What Does Evan Bayh’s Announcement Tell Us That’s Relevant to Marketing?

As I’m sure you heard, on Presidents Day, February 15, two-term Senator and former governor Evan Bayh, D-Indiana, announced that he would not seek re-election to the Senate this fall.  This was a bombshell in Washington, D.C.  No one saw it coming, Democrat or Republican.  It is unlikely that Democrats can retain Bayh’s Senate seat, something true in North Dakota and Delaware as well.  Republicans are within spitting distance of incumbent Democratic Senators in half a dozen other states, which means that there is a chance that Republicans could win control of the Senate in the mid-term elections.

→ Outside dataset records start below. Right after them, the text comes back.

lemma has_real_derivative_ln_escape_density:
  "((\<lambda>t. ln (escape_density R d t)) has_real_derivative - escape_potential_deriv R d x) (at x)"
proof -
  let ?Z = "\<integral>t. exp (- escape_potential R d t) \<partial>lborel"
  have "(\<lambda>t. ln (escape_density R d t)) = (\<lambda>t. - escape_potential R d t - ln ?Z)"
    using escape_normalizer_pos by (auto simp: fun_eq_iff escape_density_def ln_div)
  moreover have "((\<lambda>t. - escape_potential R d t - ln ?Z) has_real_derivative
      - escape_potential_deriv R d x - 0) (at x)"
    by (intro DERIV_diff DERIV_minus escape_potential_has_real_derivative DERIV_const)
  ultimately show ?thesis
    by simp
qed

lemma score_escape_density: "score (escape_density R d) x = - escape_potential_deriv R d x"
  unfolding score_def by (rule DERIV_imp_deriv[OF has_real_derivative_ln_escape_density])

lemma differentiable_ln_escape_density: "(\<lambda>t. ln (escape_density R d t)) differentiable (at x)"
  using has_real_derivative_ln_escape_density real_differentiable_def by blast

lemma lipschitz_score_escape_density: "4-lipschitz_on U (score (escape_density R d))"
  using lipschitz_escape_potential_deriv by (simp add: score_escape_density[abs_def])
lemma weighted_norm_stays_large:
  fixes F :: "complex \<Rightarrow> complex"
  assumes hol: "F holomorphic_on unit_disk" and N: "0 < N"
    and bound: "\<And>w. w \<in> unit_disk \<Longrightarrow> (1 - (cmod w)\<^sup>2)\<^sup>2 * cmod (F w) \<le> N"
    and \<delta>: "0 < \<delta>" and z0: "z0 \<in> unit_disk" and large: "\<delta> < (1 - (cmod z0)\<^sup>2)\<^sup>2 * cmod (F z0)"
    and z: "dist z0 z < min (1/8) (\<delta> / (768 * N)) * (1 - (cmod z0)\<^sup>2)"
  shows "\<delta> / 32 < (1 - (cmod z)\<^sup>2)\<^sup>2 * cmod (F z)"
proof -
  define A where "A = 1 - (cmod z0)\<^sup>2"
  have n0: "cmod z0 < 1"
    using z0 by (simp add: unit_disk_def)
  then have A: "0 < A"
    by (simp add: A_def abs_square_less_1)
  have "(1 - (cmod z0)\<^sup>2)\<^sup>2 * cmod (F z - F z0) \<le> 192 * N * min (1/8) (\<delta> / (768 * N))"
    using weighted_bound_imp_oscillation[OF hol N bound z0 _ z] by simp
  also have "\<dots> \<le> \<delta> / 4"
    using N by (simp add: min_def field_simps)
  finally have osc: "A\<^sup>2 * cmod (F z - F z0) \<le> \<delta> / 4"
    by (simp add: A_def)
  have "A\<^sup>2 * cmod (F z0) \<le> A\<^sup>2 * cmod (F z) + A\<^sup>2 * cmod (F z - F z0)"
    using mult_left_mono[OF norm_triangle_ineq4[of "F z" "F z - F z0"], of "A\<^sup>2"]
    by (simp add: distrib_left)
  then have large_z: "3 * \<delta> / 4 < A\<^sup>2 * cmod (F z)"
    using large osc by (simp add: A_def)
  have "A / 4 \<le> 1 - (cmod z)\<^sup>2"
  proof -
    have "min (1/8) (\<delta> / (768 * N)) * A \<le> 1/8 * A"
      using n0 by (intro mult_right_mono) (auto simp: A_def abs_square_le_1)
    then have "dist z0 z < A / 8"
      using z by (simp add: A_def)
    then have "dist z0 z < (1 - cmod z0) / 2"
      using one_minus_square_le[of "cmod z0"] n0 by (simp add: A_def)
    then show ?thesis
      using one_minus_norm_sq_near_ge[OF n0] by (simp add: A_def)
  qed
  then have "(A / 4)\<^sup>2 \<le> (1 - (cmod z)\<^sup>2)\<^sup>2"
    using A by (intro power_mono) auto
  then have "A\<^sup>2 / 16 \<le> (1 - (cmod z)\<^sup>2)\<^sup>2"
    by (simp add: power_divide)
  then have "A\<^sup>2 / 16 * cmod (F z) \<le> (1 - (cmod z)\<^sup>2)\<^sup>2 * cmod (F z)"
    by (rule mult_right_mono) simp
  with large_z \<delta> show ?thesis
    by simp
qed

section \<open>Uniformly locally univalent functions\<close>

lemma unif_loc_univalent_inj_on_balls:
  assumes "unif_loc_univalent h"
  obtains t :: real where "0 < t" "t \<le> 1"
    "\<And>a. a \<in> unit_disk \<Longrightarrow> inj_on h (ball a (t * (1 - cmod a)))"
proof -
  obtain \<rho> where "0 < \<rho>" and inj: "\<And>a. a \<in> unit_disk \<Longrightarrow> inj_on h (hyp_disk a \<rho>)"
    using assms unfolding unif_loc_univalent_def by blast
  then obtain t where "0 < t" "t \<le> 1"
    and "\<And>a. a \<in> unit_disk \<Longrightarrow> ball a (t * (1 - cmod a)) \<subseteq> hyp_disk a \<rho>"
    using ball_subset_hyp_disk by blast
  with inj show ?thesis
    using that inj_on_subset by metis
qed
text \<open>Herbst's argument. Apply the LSI to F = exp(\<lambda> g / 2). Changing one coordinate moves g by at
  most C = sup c, so each conditional variance (d_i F)^2 is at most (\<lambda> C)^2 times the conditional
  mean of exp(\<lambda> g); by the tower property the LSI then gives
  Ent(exp(\<lambda> g)) \<le> K \<lambda>^2 Z(\<lambda>) with Z(\<lambda>) = E exp(\<lambda> g) and K = 2 \<sigma>^2 n C^2.
  This says that \<lambda> \<mapsto> (ln Z(\<lambda>) - \<lambda> E g) / \<lambda> - K \<lambda> is antitone, whence ln Z(\<lambda>) \<le> \<lambda> E g + K \<lambda>^2,
  and the Chernoff bound with \<lambda> = t / (2 K) yields the tail bound exp(-t^2 / (8 \<sigma>^2 n C^2)),
  which is stronger than the one claimed.\<close>

lemma exp_half_diff_sq_le:
  fixes a u :: real
  assumes "0 \<le> u"
  shows "(exp (a / 2) - exp ((a - u) / 2))\<^sup>2 \<le> (u / 2)\<^sup>2 * exp a"
proof -
  have "1 - u / 2 \<le> exp (- (u / 2))" "exp (- (u / 2)) \<le> 1"
    using exp_ge_add_one_self[of "- (u / 2)"] assms by auto
  then have "(1 - exp (- (u / 2)))\<^sup>2 \<le> (u / 2)\<^sup>2"
    by (intro power_mono) auto
  then have "exp a * (1 - exp (- (u / 2)))\<^sup>2 \<le> exp a * (u / 2)\<^sup>2"
    by (intro mult_left_mono) auto
  moreover have "(exp (a / 2) - exp ((a - u) / 2))\<^sup>2 = exp a * (1 - exp (- (u / 2)))\<^sup>2"
    by (simp add: power2_eq_square algebra_simps diff_divide_distrib flip: exp_add)
  ultimately show ?thesis
    by (simp add: mult.commute)
qed

lemma (in prob_space) variance_le_expectation_sq_diff:
  fixes X :: "'a \<Rightarrow> real"
  assumes "integrable M X" "integrable M (\<lambda>x. (X x)\<^sup>2)"
  shows "variance X \<le> expectation (\<lambda>x. (X x - k)\<^sup>2)"
proof -
  have "expectation (\<lambda>x. (X x - k)\<^sup>2) = expectation (\<lambda>x. (X x)\<^sup>2) - 2 * k * expectation X + k\<^sup>2"
    using assms by (simp add: power2_diff local.prob_space)
  also have "\<dots> = variance X + (expectation X - k)\<^sup>2"
    unfolding variance_eq[OF assms] by (simp add: power2_eq_square algebra_simps)
  finally show ?thesis
    by simp
qed

lemma expectation_pmf_finite:
  fixes p :: "'b::finite pmf" and f :: "'b \<Rightarrow> real"
  shows "measure_pmf.expectation p f = (\<Sum>x\<in>UNIV. pmf p x * f x)"
  by (subst integral_measure_pmf_real[of UNIV]) (auto simp: mult.commute)
lemma has_diff0_uniform:
  fixes n :: nat
  assumes "\<forall>j<n. has_diff0 absv (f j) (l j)" "\<epsilon> > 0"
  shows "\<exists>\<delta>>0. \<forall>j<n. \<forall>x. vnorm absv x < \<delta> \<longrightarrow>
           absv (f j x - f j (\<lambda>_. 0) - linform (l j) x) \<le> \<epsilon> * vnorm absv x"
  using assms(1)
proof (induction n)
  case 0
  show ?case using zero_less_one by blast
next
  case (Suc n)
  obtain \<delta>1 where "\<delta>1 > 0" and below_n: "\<forall>j<n. \<forall>x. vnorm absv x < \<delta>1 \<longrightarrow>
      absv (f j x - f j (\<lambda>_. 0) - linform (l j) x) \<le> \<epsilon> * vnorm absv x"
    using Suc by auto
  obtain \<delta>2 where "\<delta>2 > 0" and at_n: "\<forall>x. vnorm absv x < \<delta>2 \<longrightarrow>
      absv (f n x - f n (\<lambda>_. 0) - linform (l n) x) \<le> \<epsilon> * vnorm absv x"
    using Suc.prems \<open>\<epsilon> > 0\<close> unfolding has_diff0_def linform_def by blast
  show ?case
    using \<open>\<delta>1 > 0\<close> \<open>\<delta>2 > 0\<close> below_n at_n
    by (intro exI[of _ "min \<delta>1 \<delta>2"]) (auto simp: less_Suc_eq)
qed

locale nonarch_absval =
  fixes absv :: "'a::field \<Rightarrow> real"
  assumes nonarch_abs: "nonarch_abs absv"
begin

lemma nonneg [simp]: "absv x \<ge> 0"
  and eq_0_iff [simp]: "absv x = 0 \<longleftrightarrow> x = 0"
  and mult [simp]: "absv (x * y) = absv x * absv y"
  and ultrametric: "absv (x + y) \<le> max (absv x) (absv y)"
  using nonarch_abs unfolding nonarch_abs_def by auto

lemma zero [simp]: "absv 0 = 0"
  by simp

lemma pos: "x \<noteq> 0 \<Longrightarrow> absv x > 0"
  using nonneg[of x] eq_0_iff[of x] by linarith

lemma one [simp]: "absv 1 = 1"
  using mult[of 1 1] pos[of 1] by simp

lemma divide [simp]: "absv (x / y) = absv x / absv y"
proof (cases "y = 0")
  case False
  then have "absv x = absv (x / y) * absv y" using mult[of "x / y" y] by simp
  then show ?thesis using False by simp
qed simp

lemma power [simp]: "absv (x ^ m) = absv x ^ m"
  by (induction m) simp_all

lemma add_le: "absv x \<le> c \<Longrightarrow> absv y \<le> c \<Longrightarrow> absv (x + y) \<le> c"
  using ultrametric[of x y] by linarith

lemma of_nat_le_1: "absv (of_nat m) \<le> 1"
  by (induction m) (simp_all add: add_le)

lemma unbounded:
  assumes "x \<noteq> 0" "absv x \<noteq> 1"
  obtains a where "a \<noteq> 0" "K \<le> absv a"
proof -
  obtain y where y: "y \<noteq> 0" "absv y > 1"
  proof (cases "absv x > 1")
    case False
    then have "absv (1 / x) > 1" using assms pos[of x] by (simp add: field_simps)
    then show ?thesis using that[of "1 / x"] assms by simp
  qed (use that assms in auto)
  obtain m where "K < absv y ^ m" using real_arch_pow[OF y(2)] by blast
  then show ?thesis using that[of "y ^ m"] y by simp
qed

lemma vnorm_vscale_le: "vnorm absv (vscale c x) \<le> absv c * vnorm absv x"
  unfolding vnorm_le_iff vscale_def by (simp add: mult_left_mono abs_le_vnorm)

lemma vball0_add: "x \<in> vball0 absv r \<Longrightarrow> y \<in> vball0 absv r \<Longrightarrow> (\<lambda>i. x i + y i) \<in> vball0 absv r"
  unfolding vball0_def by (simp add: vnorm_le_iff add_le)

lemma zero_in_vball0: "r \<ge> 0 \<Longrightarrow> (\<lambda>_. 0) \<in> vball0 absv r"
  unfolding vball0_def by (simp add: vnorm_le_iff)

lemma unitary_char_trivial_on_ball:
  fixes \<psi> :: "'a \<Rightarrow> complex"
  assumes add: "\<And>x y. \<psi> (x + y) = \<psi> x * \<psi> y"
    and unit: "\<And>x. cmod (\<psi> x) = 1"
    and near_1: "\<And>y. absv y < \<delta> \<Longrightarrow> cmod (\<psi> y - 1) < 1"
    and "absv z < \<delta>"
  shows "\<psi> z = 1"
proof (rule ccontr)
  assume "\<psi> z \<noteq> 1"
  have "absv (2 ^ m * z) \<le> absv z" for m
    using of_nat_le_1[of "2 ^ m"] by (simp add: mult_left_le_one_le)
  then have small: "absv (2 ^ m * z) < \<delta>" for m
    using \<open>absv z < \<delta>\<close> order.strict_trans1 by blast
  have doubling: "3/2 * cmod (\<psi> w - 1) \<le> cmod (\<psi> (w + w) - 1)" if "absv w < \<delta>" for w
  proof -
    have "3/2 * cmod (\<psi> w - 1) \<le> cmod (\<psi> w + 1) * cmod (\<psi> w - 1)"
      using unit_circle_near_1[OF unit near_1[OF that]] by (intro mult_right_mono) auto
    also have "\<dots> = cmod ((\<psi> w + 1) * (\<psi> w - 1))"
      by (simp add: norm_mult)
    also have "(\<psi> w + 1) * (\<psi> w - 1) = \<psi> (w + w) - 1"
      unfolding add by (simp add: algebra_simps)
    finally show ?thesis .
  qed
  have growth: "(3/2) ^ m * cmod (\<psi> z - 1) \<le> cmod (\<psi> (2 ^ m * z) - 1)" for m
  proof (induction m)
    case (Suc m)
    have "(3/2) ^ Suc m * cmod (\<psi> z - 1) \<le> 3/2 * cmod (\<psi> (2 ^ m * z) - 1)"
      using Suc.IH by (simp add: ac_simps)
    also have "\<dots> \<le> cmod (\<psi> (2 ^ m * z + 2 ^ m * z) - 1)"
      by (rule doubling[OF small])
    also have "2 ^ m * z + 2 ^ m * z = (2::'a) ^ Suc m * z"
      by simp
    finally show ?case .
  qed simp
  obtain m where "1 / cmod (\<psi> z - 1) < (3/2) ^ m"
    using real_arch_pow[of "3/2"] by auto
  then have "1 < (3/2) ^ m * cmod (\<psi> z - 1)"
    using \<open>\<psi> z \<noteq> 1\<close> by (simp add: field_simps)
  then show False using growth[of m] near_1[OF small[of m]] by simp
qed

lemma add_char_trivial_near_0:
  assumes "nontriv_add_char absv \<psi>"
  obtains \<delta> where "\<delta> > 0" "\<And>z. absv z < \<delta> \<Longrightarrow> \<psi> z = 1"
proof -
  have add: "\<And>x y. \<psi> (x + y) = \<psi> x * \<psi> y" and unit: "\<And>x. cmod (\<psi> x) = 1"
    using assms unfolding nontriv_add_char_def by auto
  have cont: "\<exists>\<delta>>0. \<forall>y. absv y < \<delta> \<longrightarrow> cmod (\<psi> y - \<psi> 0) < 1"
    using assms unfolding nontriv_add_char_def by (metis diff_zero zero_less_one)
  have "\<psi> 0 = 1"
    using add[of 0 0] unit[of 0] by (metis add_0 mult_cancel_right1 norm_zero zero_neq_one)
  then show ?thesis
    using cont that unitary_char_trivial_on_ball[OF add unit] by auto
qed

lemma large_scale_separates:
  fixes \<psi> :: "'a \<Rightarrow> complex"
  assumes "nontriv_add_char absv \<psi>" "l \<noteq> l'" "r > 0"
  shows "\<exists>K. \<forall>a. K \<le> absv a \<longrightarrow>
           (\<exists>y\<in>vball0 absv r. \<psi> (a * linform l y) \<noteq> \<psi> (a * linform l' y))"
proof -
  have add: "\<And>x y. \<psi> (x + y) = \<psi> x * \<psi> y" and unit: "\<And>x. cmod (\<psi> x) = 1"
    using assms(1) unfolding nontriv_add_char_def by auto
  obtain x0 where "\<psi> x0 \<noteq> 1" using assms(1) unfolding nontriv_add_char_def by auto
  obtain i where "l i \<noteq> l' i" using assms(2) by auto
  define d where "d = l i - l' i"
  have "d \<noteq> 0" "absv d > 0" using \<open>l i \<noteq> l' i\<close> pos unfolding d_def by simp_all
  \<comment> \<open>The witness \<open>x\<^sub>0 / (a d) e\<^sub>i\<close> makes the two characters differ by the factor \<open>\<psi>(x\<^sub>0)\<close>.\<close>
  define K where "K = absv x0 / (r * absv d) + 1"
  have "K > 0" using \<open>r > 0\<close> \<open>absv d > 0\<close> by (simp add: K_def add_nonneg_pos)
  have "\<exists>y\<in>vball0 absv r. \<psi> (a * linform l y) \<noteq> \<psi> (a * linform l' y)" if "K \<le> absv a" for a
  proof
    define s where "s = x0 / (a * d)"
    have "absv a > 0" using that \<open>K > 0\<close> by linarith
    have "absv x0 / (r * absv d) \<le> absv a" using that unfolding K_def by simp
    then have "absv s \<le> r"
      using \<open>absv a > 0\<close> \<open>absv d > 0\<close> \<open>r > 0\<close> by (simp add: s_def field_simps)
    then show "(\<lambda>i'. if i' = i then s else 0) \<in> vball0 absv r"
      unfolding vball0_def using \<open>r > 0\<close> by (simp add: vnorm_le_iff)
    have "a \<noteq> 0" using \<open>absv a > 0\<close> by auto
    then have "a * d * s = x0" using \<open>d \<noteq> 0\<close> by (simp add: s_def)
    then have "a * (l i * s) = a * (l' i * s) + x0" by (simp add: d_def algebra_simps)
    then have "\<psi> (a * (l i * s)) = \<psi> (a * (l' i * s)) * \<psi> x0" by (simp add: add)
    then show "\<psi> (a * linform l (\<lambda>i'. if i' = i then s else 0))
        \<noteq> \<psi> (a * linform l' (\<lambda>i'. if i' = i then s else 0))"
      using \<open>\<psi> x0 \<noteq> 1\<close> unit[of "a * (l' i * s)"] by (auto simp: linform_single)
  qed
  then show ?thesis by blast
qed
lemma class_value_eq_class_point_iff:
  assumes "h \<in> H"
  shows "class_value x = Some (class_point h) \<longleftrightarrow> x \<in> H"
proof -
  have h_in_U: "h \<in> U"
    using assms H_subset_U by blast
  have "class_value x = Some (class_point h) \<longleftrightarrow> x \<in> U \<and> class_point x = class_point h"
    by (simp add: class_value_def)
  also have "\<dots> \<longleftrightarrow> x \<in> U \<and> x \<approx> h"
    using class_point_eq_iff h_in_U by blast
  also have "\<dots> \<longleftrightarrow> x \<in> H"
    using in_H_iff_U_equiv[OF assms] U_equiv_in_U U_equiv_sym by blast
  finally show ?thesis .
qed

theorem is_stabilizer: "is_stabilizer TYPE('a list) n mop mw R H"
proof -
  obtain h where h: "h \<in> H"
    using H_nonempty by blast
  have "set (replicate n h) \<subseteq> U"
    using h H_subset_U by auto
  then have "class_rep g (replicate n (class_point h)) = Some (class_point h) \<longleftrightarrow> g \<in> H" for g
    using class_rep_map_class_point[of "replicate n h" g] class_value_eq_class_point_iff[OF h]
      in_H_iff_mop_replicate_in_H[OF h, of g]
    by simp
  then have "H = {g. class_rep g (replicate n (class_point h)) = Some (class_point h)}"
    by blast
  moreover have "class_point h \<in> class_points"
    using h H_subset_U by (auto simp: class_points_def)
  ultimately show ?thesis
    unfolding is_stabilizer_def using H_nonempty is_representation_class_rep by blast
qed

end

theorem theorem4:
  fixes n :: nat
    and mop :: "'a \<Rightarrow> 'a list \<Rightarrow> 'a"
    and mw :: "'a \<Rightarrow> 'a \<Rightarrow> 'a"
    and R :: "nat \<Rightarrow> 'a \<Rightarrow> 'a"
    and H :: "'a set"
  assumes "1 \<le> n"
    and "functional_menger_wedge_algebra n mop mw R"
    and "H \<noteq> {}"
  defines "conds \<equiv>
      (quasi_stable n mop H \<and> wedge_stable mw H \<and> v_unitary n mop H) \<and>
      (\<exists>U. H \<subseteq> U \<and>
         (\<forall>i\<in>{1..n}. R i ` U \<subseteq> H \<and> R i ` (- U) \<subseteq> - U) \<and>
         (\<forall>x y. x \<in> U \<and> y \<in> H \<longrightarrow> mop y (Rs n R x) \<in> H) \<and>
         (\<forall>x y. x \<in> U \<and> y \<in> U \<longrightarrow> mop y (Rs n R x) \<in> U))"
  shows "(is_stabilizer TYPE('b) n mop mw R H \<longrightarrow> conds) \<and>
         (conds \<longrightarrow> is_stabilizer TYPE('a list) n mop mw R H)"
proof -
  have conds_iff: "conds \<longleftrightarrow> (quasi_stable n mop H \<and> wedge_stable mw H \<and> v_unitary n mop H) \<and>
      (\<exists>U. stabilizer_domain n mop R H U)"
    unfolding conds_def stabilizer_domain_def ..
  show ?thesis
  proof (intro conjI impI)
    assume "is_stabilizer TYPE('b) n mop mw R H"
    then obtain A :: "'b set" and P a where
      "is_representation n mop mw R A P" "H = {g. P g (replicate n a) = Some a}"
      unfolding is_stabilizer_def by blast
    from point_stabilizer_conditions[OF this assms(3)] show conds
      unfolding conds_iff by blast
  next
    assume conds
    then obtain U where "quasi_stable n mop H" "wedge_stable mw H" "v_unitary n mop H"
        "stabilizer_domain n mop R H U"
      unfolding conds_iff by blast
    with assms(1,2) interpret stabilizer_candidate n mop mw R H U
      by (simp add: stabilizer_candidate_def stabilizer_candidate_axioms_def menger_wedge_algebra_def)
    show "is_stabilizer TYPE('a list) n mop mw R H"
      by (rule is_stabilizer)
  qed
qed

end
(* Let $n$ be a positive integer and $(A_i)_{i\in I}$ a family of pairwise commuting matrices in $M_n(\mathbb{C})$ such that $\sum_{i\in I}A_i^*A_i$ converges to a scalar matrix (a scalar multiple of the identity). Then every $A_i$ is normal, and consequently the $A_i$ generate a commutative $C^*$-algebra.
   Context: The sum over the (possibly infinite) index set $I$ is the limit of the net of finite partial sums. *)

theory Defs
  imports "HOL-Analysis.Analysis"
begin

definition adjoint_mat :: "complex ^'n ^'n \<Rightarrow> complex ^'n ^'n" where
  "adjoint_mat A = (\<chi> i j. cnj (A $ j $ i))"

definition normal_mat :: "complex ^'n ^'n \<Rightarrow> bool" where
  "normal_mat A \<longleftrightarrow> adjoint_mat A ** A = A ** adjoint_mat A"

text \<open>The *-subalgebra of M_n(C) generated by a set of matrices S. In finite
  dimension every linear subspace is closed, so this is the C*-algebra generated by S.\<close>
inductive_set star_alg_gen :: "(complex ^'n ^'n) set \<Rightarrow> (complex ^'n ^'n) set"
  for S :: "(complex ^'n ^'n) set" where
  gen: "A \<in> S \<Longrightarrow> A \<in> star_alg_gen S"
| zero: "0 \<in> star_alg_gen S"
| add: "A \<in> star_alg_gen S \<Longrightarrow> B \<in> star_alg_gen S \<Longrightarrow> A + B \<in> star_alg_gen S"
| smult: "A \<in> star_alg_gen S \<Longrightarrow> mat (c::complex) ** A \<in> star_alg_gen S"
| mult: "A \<in> star_alg_gen S \<Longrightarrow> B \<in> star_alg_gen S \<Longrightarrow> A ** B \<in> star_alg_gen S"
| adj: "A \<in> star_alg_gen S \<Longrightarrow> adjoint_mat A \<in> star_alg_gen S"

end

theory Submission
  imports Defs
begin

text \<open>Fix \<open>B = A\<^sub>j\<close> and let \<open>q(y) = \<parallel>By\<parallel>\<^sup>2 - \<parallel>B\<^sup>*y\<parallel>\<^sup>2\<close> be the quadratic form of the
  self-commutator \<open>B\<^sup>*B - BB\<^sup>*\<close>. Using that \<open>B\<close> commutes with every \<open>A\<^sub>i\<close> and
  \<open>\<Sum>A\<^sub>i\<^sup>*A\<^sub>i = c\<close>, one finds for every vector \<open>x\<close> and every real \<open>m\<close>
  \<open>\<Sum>\<^sub>i (\<parallel>[B\<^sup>*,A\<^sub>i]x\<parallel>\<^sup>2 + q(A\<^sub>ix) - m\<parallel>A\<^sub>ix\<parallel>\<^sup>2) = Re c (q(x) - m\<parallel>x\<parallel>\<^sup>2)\<close>.
  If \<open>m\<close> is the minimum of \<open>q\<close> on the unit sphere and \<open>q(x) = m\<parallel>x\<parallel>\<^sup>2\<close>, all summands
  are nonnegative and sum to zero, so \<open>[B\<^sup>*,A\<^sub>i]x = 0\<close> for all \<open>i\<close>. Taking \<open>i = j\<close> gives
  \<open>q(x) = 0\<close>, hence \<open>m = 0\<close>; as \<open>q\<close> has trace zero and is now nonnegative, it vanishes on
  the standard basis, so \<open>[B\<^sup>*,A\<^sub>i] = 0\<close> on the whole space. Thus the \<open>A\<^sub>i\<close> and their
  adjoints commute pairwise, and so does the *-algebra they generate.\<close>

lemma has_sum_diff:
  fixes f g :: "'a \<Rightarrow> 'b::topological_ab_group_add"
  assumes "(f has_sum a) A" "(g has_sum b) A"
  shows "((\<lambda>x. f x - g x) has_sum (a - b)) A"
  using has_sum_add[OF assms(1), of "\<lambda>x. - g x" "- b"] assms(2) by (simp add: has_sum_uminus)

But the shock of Bayh’s decision and its impact on the balance of power in Washington is not the important part of this story.  In fact, the news is not so great for Republicans either.  The Tea Party movement is rocking the Republican mainstream.  Candidates surfacing from this movement are taking on Republican party standard-bearers in elections all over the country.

What’s going on is not a rejection of one party in favor of another.  Rather, it’s an upswelling rejection of politics in general.  People have had their fill of politics as usual and, in growing numbers, are saying no to the status quo.  Established ways of doing things are falling out of favor.  It’s bad news for politicians, perhaps, but it’s good news for marketers.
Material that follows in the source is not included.